Your goal>
Where the line with "s)) \<in> borel_measurable" appears below, start writing out lines exactly, and finish with the line with "in lborel. l2sq", which is included; write out nothing else.

Saved entries>
# # # # #

lemma l2sq_row_comp_le:
  fixes a :: "real \<Rightarrow> real"
  assumes [measurable]: "a \<in> borel_measurable lborel"
    and A_meas[measurable]: "(\<lambda>(\<tau>, s). A \<tau> s) \<in> borel_measurable (lborel \<Otimes>\<^sub>M lborel)"
  shows "l2sq (\<lambda>s. LINT u:{0..1}|lborel. a u * A u s) \<le> l2sq a * hs2 A"
proof -
  have [measurable]: "(\<lambda>s. l2sq (\<lambda>u. A u s)) \<in> borel_measurable lborel"
    by (rule measurable_l2sq_column) simp
  have "l2sq (\<lambda>s. LINT u:{0..1}|lborel. a u * A u s) \<le> (\<integral>\<^sup>+ s \<in> {0..1}. l2sq a * l2sq (\<lambda>u. A u s) \<partial>lborel)"
    unfolding l2sq_def[of "\<lambda>s. LINT u:{0..1}|lborel. a u * A u s"]
    by (intro nn_integral_mono mult_right_mono sq_set_integral_mult_le) auto
  also have "\<dots> = l2sq a * hs2 A"
    by (simp add: mult.assoc nn_integral_cmult nn_integral_l2sq_columns[OF A_meas])
  finally show ?thesis .
qed

lemma l2sq_row_comp_diff_le:
  fixes a b :: "real \<Rightarrow> real"
  assumes [measurable]: "a \<in> borel_measurable lborel" "b \<in> borel_measurable lborel"
    and A_meas[measurable]: "(\<lambda>(\<tau>, s). A \<tau> s) \<in> borel_measurable (lborel \<Otimes>\<^sub>M lborel)"
    and B_meas[measurable]: "(\<lambda>(\<tau>, s). B \<tau> s) \<in> borel_measurable (lborel \<Otimes>\<^sub>M lborel)"
    and A_fin: "hs2 A < \<infinity>" and b_fin: "l2sq b < \<infinity>"
  shows "l2sq (\<lambda>s. (LINT u:{0..1}|lborel. a u * A u s) - (LINT u:{0..1}|lborel. b u * B u s))
    \<le> 2 * l2sq (\<lambda>u. a u - b u) * hs2 A + 2 * l2sq b * hs2 (\<lambda>u s. A u s - B u s)"
proof -
  define D where "D u s = A u s - B u s" for u s
  have D_meas: "(\<lambda>(\<tau>, s). D \<tau> s) \<in> borel_measurable (lborel \<Otimes>\<^sub>M lborel)"
    unfolding D_def by (simp add: split_beta')
  note [measurable] = measurable_l2sq_column[OF A_meas] measurable_l2sq_column[OF D_meas]
  have "AE s in lborel. l2sq (\<lambda>u. A u s) * indicator {0..1} s \<noteq> \<infinity>"
    using A_fin by (intro nn_integral_PInf_AE) (simp_all add: nn_integral_l2sq_columns[OF A_meas])
  then have AE_fin: "AE s in lborel. s \<in> {0..1} \<longrightarrow> l2sq (\<lambda>u. A u s) < \<infinity>"
    by eventually_elim (auto simp: top.not_eq_extremum indicator_def)
  have pointwise: "ennreal (((LINT u:{0..1}|lborel. a u * A u s) - (LINT u:{0..1}|lborel. b u * B u s))\<^sup>2)
      \<le> 2 * l2sq (\<lambda>u. a u - b u) * l2sq (\<lambda>u. A u s) + 2 * l2sq b * l2sq (\<lambda>u. D u s)"
    if "l2sq (\<lambda>u. A u s) < \<infinity>" for s
    using that b_fin unfolding D_def by (intro sq_set_integral_diff_le) auto
  have "l2sq (\<lambda>s. (LINT u:{0..1}|lborel. a u * A u s) - (LINT u:{0..1}|lborel. b u * B u s))
      \<le> (\<integral>\<^sup>+ s \<in> {0..1}. 2 * l2sq (\<lambda>u. a u - b u) * l2sq (\<lambda>u. A u s)
                          + 2 * l2sq b * l2sq (\<lambda>u. D u s) \<partial>lborel)"
    using AE_fin
    by (subst l2sq_def, intro nn_integral_mono_AE, elim AE_mp, intro AE_I2)
      (auto intro!: pointwise split: split_indicator)
  also have "\<dots> = 2 * l2sq (\<lambda>u. a u - b u) * hs2 A + 2 * l2sq b * hs2 D"
    by (simp add: distrib_right mult.assoc nn_integral_add nn_integral_cmult
        nn_integral_l2sq_columns[OF A_meas] nn_integral_l2sq_columns[OF D_meas])
  finally show ?thesis unfolding D_def .
qed

definition row_sup :: "(real \<Rightarrow> real \<Rightarrow> real) \<Rightarrow> ennreal" where
  "row_sup c = (SUP \<tau>\<in>{0..1}. l2sq (c \<tau>))"

lemma l2sq_le_row_sup: "\<tau> \<in> {0..1} \<Longrightarrow> l2sq (c \<tau>) \<le> row_sup c"
  unfolding row_sup_def by (rule SUP_upper)

lemma row_sup_kpow_Suc_le:
  assumes B_meas[measurable]: "(\<lambda>(\<tau>, s). B \<tau> s) \<in> borel_measurable (lborel \<Otimes>\<^sub>M lborel)"
  shows "row_sup (kpow B (Suc (Suc k))) \<le> row_sup (kpow B (Suc k)) * hs2 B"
  unfolding row_sup_def[of "kpow B (Suc (Suc k))"]
proof (rule SUP_least)
  fix \<tau> :: real assume \<tau>: "\<tau> \<in> {0..1}"
  have [measurable]: "(\<lambda>(\<tau>, s). kpow B (Suc k) \<tau> s) \<in> borel_measurable (lborel \<Otimes>\<^sub>M lborel)"
    by (rule measurable_kpow) simp
  have "l2sq (kpow B (Suc (Suc k)) \<tau>) \<le> l2sq (kpow B (Suc k) \<tau>) * hs2 B"
    by (simp add: l2sq_row_comp_le)
  also have "\<dots> \<le> row_sup (kpow B (Suc k)) * hs2 B"
    using \<tau> by (intro mult_right_mono l2sq_le_row_sup) auto
  finally show "l2sq (kpow B (Suc (Suc k)) \<tau>) \<le> row_sup (kpow B (Suc k)) * hs2 B" .
qed

lemma row_sup_kpow_finite:
  assumes "(\<lambda>(\<tau>, s). B \<tau> s) \<in> borel_measurable (lborel \<Otimes>\<^sub>M lborel)"
    and "hs2 B < \<infinity>" and "row_sup B < \<infinity>"
  shows "row_sup (kpow B (Suc k)) < \<infinity>"
proof (induction k)
  case (Suc k)
  then show ?case
    using row_sup_kpow_Suc_le[OF assms(1), of k] assms(2)
    by (auto simp: ennreal_mult_less_top intro: order.strict_trans1)
qed (use assms in simp)
lemma sum_walk_weights_eq_matpow:
  assumes "i \<in> {1..n}" "j \<in> {1..n}"
  shows "(\<Sum>xs\<in>{xs\<in>paths n k. xs!0 = i \<and> xs!k = j}. \<Prod>t<k. A (xs!t) (xs!Suc t))
         = matpow n A k i j"
  using assms(2)
proof (induction k arbitrary: j)
  case 0
  have "{xs\<in>paths n 0. xs!0 = i \<and> xs!0 = j} = (if i = j then {[i]} else {})"
    using assms(1) by (auto simp: paths_def length_Suc_conv)
  thus ?case by simp
next
  case (Suc k)
  let ?P = "{ys\<in>paths n k. ys!0 = i}"
  let ?W = "\<lambda>k ys. \<Prod>t<k. A (ys!t) (ys!Suc t)"
  have split_last: "{xs\<in>paths n (Suc k). xs!0 = i \<and> xs!Suc k = j} = (\<lambda>ys. ys @ [j]) ` ?P"
  proof (intro equalityI subsetI)
    fix xs assume xs: "xs \<in> {xs\<in>paths n (Suc k). xs!0 = i \<and> xs!Suc k = j}"
    hence len: "length xs = Suc (Suc k)" by (simp add: paths_def)
    have "xs = take (Suc k) xs @ [j]"
      using take_Suc_conv_app_nth[of "Suc k" xs] len xs by simp
    moreover have "take (Suc k) xs \<in> ?P" using xs len
      by (auto simp: paths_def dest: in_set_takeD)
    ultimately show "xs \<in> (\<lambda>ys. ys @ [j]) ` ?P" by blast
  qed (use Suc.prems in \<open>auto simp: paths_def nth_append\<close>)
  have weight_snoc: "?W (Suc k) (ys @ [j]) = ?W k ys * A (ys!k) j" if "ys \<in> ?P" for ys
  proof -
    have len: "length ys = Suc k" using that by (simp add: paths_def)
    have "(\<Prod>t<k. A ((ys @ [j])!t) ((ys @ [j])!Suc t)) = ?W k ys"
      by (rule prod.cong) (auto simp: nth_append len)
    thus ?thesis by (simp add: nth_append len)
  qed
  have "(\<Sum>xs\<in>{xs\<in>paths n (Suc k). xs!0 = i \<and> xs!Suc k = j}. ?W (Suc k) xs)
        = (\<Sum>ys\<in>?P. ?W (Suc k) (ys @ [j]))"
    unfolding split_last using sum.reindex[of "\<lambda>ys. ys @ [j]" ?P] by (simp add: inj_on_def)
  also have "\<dots> = (\<Sum>ys\<in>?P. ?W k ys * A (ys!k) j)"
    by (rule sum.cong[OF refl weight_snoc])
  also have "\<dots> = (\<Sum>l\<in>{1..n}. \<Sum>ys\<in>{ys\<in>?P. ys!k = l}. ?W k ys * A (ys!k) j)"
    by (rule sum.group[symmetric]) (use finite_paths[of n k] nth_mem_paths[of _ n k] in auto)
  also have "\<dots> = (\<Sum>l\<in>{1..n}. matpow n A k i l * A l j)"
  proof (rule sum.cong[OF refl])
    fix l assume l: "l \<in> {1..n}"
    have "(\<Sum>ys\<in>{ys\<in>?P. ys!k = l}. ?W k ys * A (ys!k) j)
          = (\<Sum>ys\<in>{ys\<in>paths n k. ys!0 = i \<and> ys!k = l}. ?W k ys) * A l j"
      by (simp add: sum_distrib_right conj_ac)
    thus "(\<Sum>ys\<in>{ys\<in>?P. ys!k = l}. ?W k ys * A (ys!k) j) = matpow n A k i l * A l j"
      using Suc.IH[OF l] by simp
  qed
  finally show ?case by simp
qed

definition bridge_walks :: "nat \<Rightarrow> nat \<Rightarrow> (nat \<Rightarrow> nat \<Rightarrow> real) \<Rightarrow> nat \<Rightarrow> nat \<Rightarrow> nat list set" where
  "bridge_walks n N A a b =
     {xs\<in>paths n N. xs!0 = a \<and> xs!N = b \<and> (\<forall>t<N. A (xs!t) (xs!Suc t) = 1)}"

lemma bridge_walks_subset_paths: "bridge_walks n N A a b \<subseteq> paths n N"
  unfolding bridge_walks_def by auto

lemma adjacency_nonneg:
  assumes "is_adjacency_matrix n A" "i \<in> {1..n}" "j \<in> {1..n}"
  shows "A i j \<ge> 0"
proof -
  have "A i j = 0 \<or> A i j = 1" using assms unfolding is_adjacency_matrix_def by blast
  thus ?thesis by auto
qed

lemma adjacency_missing_edge:
  assumes "is_adjacency_matrix n A" "xs \<in> paths n N" "\<not> (\<forall>t<N. A (xs!t) (xs!Suc t) = 1)"
  obtains t where "t < N" "A (xs!t) (xs!Suc t) = 0"
  using assms nth_mem_paths[OF assms(2)] unfolding is_adjacency_matrix_def
  by (metis Suc_leI less_imp_le_nat)

lemma card_bridge_walks:
  assumes "is_adjacency_matrix n A" "a \<in> {1..n}" "b \<in> {1..n}"
  shows "real (card (bridge_walks n N A a b)) = matpow n A N a b"
proof -
  let ?S = "{xs\<in>paths n N. xs!0 = a \<and> xs!N = b}"
  let ?W = "\<lambda>xs. \<Prod>t<N. A (xs!t) (xs!Suc t)"
  let ?F = "bridge_walks n N A a b"
  have fin: "finite ?S" using finite_paths[of n N] by simp
  have sub: "?F \<subseteq> ?S" unfolding bridge_walks_def by auto
  have "?W xs = 0" if "xs \<in> ?S - ?F" for xs
  proof -
    from that have "xs \<in> paths n N" "\<not> (\<forall>t<N. A (xs!t) (xs!Suc t) = 1)"
      unfolding bridge_walks_def by auto
    then obtain t where "t < N" "A (xs!t) (xs!Suc t) = 0"
      using adjacency_missing_edge[OF assms(1)] by blast
    thus ?thesis by (intro prod_zero) auto
  qed
  hence "sum ?W ?S = sum ?W ?F"
    by (intro sum.mono_neutral_right[OF fin sub]) auto
  hence "matpow n A N a b = sum ?W ?F"
    using sum_walk_weights_eq_matpow[OF assms(2,3), where k = N and A = A] by simp
  also have "\<dots> = real (card ?F)" by (simp add: bridge_walks_def)
  finally show ?thesis by simp
qed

# # # # #

Solution for this task>
  have [measurable]: "(\<lambda>s. l2sq (\<lambda>u. A u s)) \<in> borel_measurable lborel"
    by (rule measurable_l2sq_column) simp
  have "l2sq (\<lambda>s. LINT u:{0..1}|lborel. a u * A u s) \<le> (\<integral>\<^sup>+ s \<in> {0..1}. l2sq a * l2sq (\<lambda>u. A u s) \<partial>lborel)"
    unfolding l2sq_def[of "\<lambda>s. LINT u:{0..1}|lborel. a u * A u s"]
    by (intro nn_integral_mono mult_right_mono sq_set_integral_mult_le) auto
  also have "\<dots> = l2sq a * hs2 A"
    by (simp add: mult.assoc nn_integral_cmult nn_integral_l2sq_columns[OF A_meas])
  finally show ?thesis .
qed

lemma l2sq_row_comp_diff_le:
  fixes a b :: "real \<Rightarrow> real"
  assumes [measurable]: "a \<in> borel_measurable lborel" "b \<in> borel_measurable lborel"
    and A_meas[measurable]: "(\<lambda>(\<tau>, s). A \<tau> s) \<in> borel_measurable (lborel \<Otimes>\<^sub>M lborel)"
    and B_meas[measurable]: "(\<lambda>(\<tau>, s). B \<tau> s) \<in> borel_measurable (lborel \<Otimes>\<^sub>M lborel)"
    and A_fin: "hs2 A < \<infinity>" and b_fin: "l2sq b < \<infinity>"
  shows "l2sq (\<lambda>s. (LINT u:{0..1}|lborel. a u * A u s) - (LINT u:{0..1}|lborel. b u * B u s))
    \<le> 2 * l2sq (\<lambda>u. a u - b u) * hs2 A + 2 * l2sq b * hs2 (\<lambda>u s. A u s - B u s)"
proof -
  define D where "D u s = A u s - B u s" for u s
  have D_meas: "(\<lambda>(\<tau>, s). D \<tau> s) \<in> borel_measurable (lborel \<Otimes>\<^sub>M lborel)"
    unfolding D_def by (simp add: split_beta')
  note [measurable] = measurable_l2sq_column[OF A_meas] measurable_l2sq_column[OF D_meas]
  have "AE s in lborel. l2sq (\<lambda>u. A u s) * indicator {0..1} s \<noteq> \<infinity>"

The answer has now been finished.